ABOUT THIS EXERCISE:
Lines from the first one down to the one containing "text \<open>K(lambda, -)" in the data below are the only ones needed; please return them exactly, both ends included.

*** RAW DATA

(* Let $\lambda>0$ and $K(\lambda, z) = \left(\frac{\cos \pi z}{\pi}\right)\sum_{n \in \mathbb{Z}} \frac{ (-1)^{n}\, e^{-\lambda|n- \frac{1}{2}|}}{z - n + \frac{1}{2}}$. If $0<\beta<\frac12$, then for every $z$ with $\Re(z)>\beta$, $$e^{-\lambda z}-K(\lambda,z)=\frac{1}{2\pi i}\int_{\beta-i\infty}^{\beta+i\infty}\left(\frac{\cos\pi z}{\cos\pi w}\right)\left(\frac{2w}{z^2-w^2}\right)e^{-\lambda w}\,\mathrm{d}w.$$ *)

theory Defs
  imports "HOL-Analysis.Analysis"
begin

definition K_raw :: "real \<Rightarrow> complex \<Rightarrow> complex" where
  "K_raw lam z = (cos (of_real pi * z) / of_real pi) *
     (\<Sum>\<^sub>\<infinity>n::int. ((-1::complex) ^ nat \<bar>n\<bar>) *
        of_real (exp (- lam * \<bar>real_of_int n - 1/2\<bar>)) / (z - of_int n + 1/2))"

text \<open>K(lambda, -) is entire: at the zeros of cos (pi z) (the half-integers, where the
  series has poles) its value is the removable-singularity value, i.e. the limit.\<close>
definition K :: "real \<Rightarrow> complex \<Rightarrow> complex" where
  "K lam z = (if cos (of_real pi * z) = 0 then Lim (at z) (K_raw lam) else K_raw lam z)"

end

theory Submission
  imports Defs "HOL-Complex_Analysis.Complex_Analysis" "HOL-Real_Asymp.Real_Asymp"
begin

text \<open>The integrand is meromorphic in w, with simple poles at w = z (residue -e^{-\<lambda>z}) and at the
  half-integers m + 1/2, where the residue is cos(\<pi>z)/\<pi> times the sum of the terms n = m + 1 and
  n = -m of the series defining K. Integrating over the rectangle with corners \<beta> - iN and
  \<beta> + N + iN therefore produces the partial sums of that series. As N \<rightarrow> \<infinity> the three far edges
  vanish, because |cos \<pi>w| grows like e^{\<pi>|Im w|} on the horizontal edges and e^{-\<lambda>w} decays on
  the right edge, while the left edge tends to the line integral by dominated convergence.
  At a half-integer z the integrand vanishes identically, and K(\<lambda>, z) = e^{-\<lambda>z} follows from the
  identity at nearby points \<zeta>, whose right-hand side is O(|cos \<pi>\<zeta>|).\<close>

lemma cos_pi_eq_0_imp_half_integer:
  fixes w :: complex
  assumes "cos (of_real pi * w) = 0"
  shows "\<exists>n::int. w = of_int n + 1/2"
proof -
  obtain n :: int where "of_real pi * w = of_real (of_int n * pi) + of_real pi / 2"
    using assms cos_eq_0 by blast
  then have "of_real pi * w = of_real pi * (of_int n + 1/2)"
    by (simp add: algebra_simps)
  then show ?thesis by auto
qed

lemma cos_pi_of_nat_plus_half: "cos (of_real pi * of_real (real m + 1/2)) = (0::complex)"
proof -
  have "cos (pi * (real m + 1/2)) = 0"
    by (simp add: algebra_simps cos_add cos_npi sin_npi)
  then show ?thesis
    by (metis cos_of_real of_real_0 of_real_mult)
qed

******

TASK OUTPUT:
(* Let $\lambda>0$ and $K(\lambda, z) = \left(\frac{\cos \pi z}{\pi}\right)\sum_{n \in \mathbb{Z}} \frac{ (-1)^{n}\, e^{-\lambda|n- \frac{1}{2}|}}{z - n + \frac{1}{2}}$. If $0<\beta<\frac12$, then for every $z$ with $\Re(z)>\beta$, $$e^{-\lambda z}-K(\lambda,z)=\frac{1}{2\pi i}\int_{\beta-i\infty}^{\beta+i\infty}\left(\frac{\cos\pi z}{\cos\pi w}\right)\left(\frac{2w}{z^2-w^2}\right)e^{-\lambda w}\,\mathrm{d}w.$$ *)

theory Defs
  imports "HOL-Analysis.Analysis"
begin

definition K_raw :: "real \<Rightarrow> complex \<Rightarrow> complex" where
  "K_raw lam z = (cos (of_real pi * z) / of_real pi) *
     (\<Sum>\<^sub>\<infinity>n::int. ((-1::complex) ^ nat \<bar>n\<bar>) *
        of_real (exp (- lam * \<bar>real_of_int n - 1/2\<bar>)) / (z - of_int n + 1/2))"

text \<open>K(lambda, -) is entire: at the zeros of cos (pi z) (the half-integers, where the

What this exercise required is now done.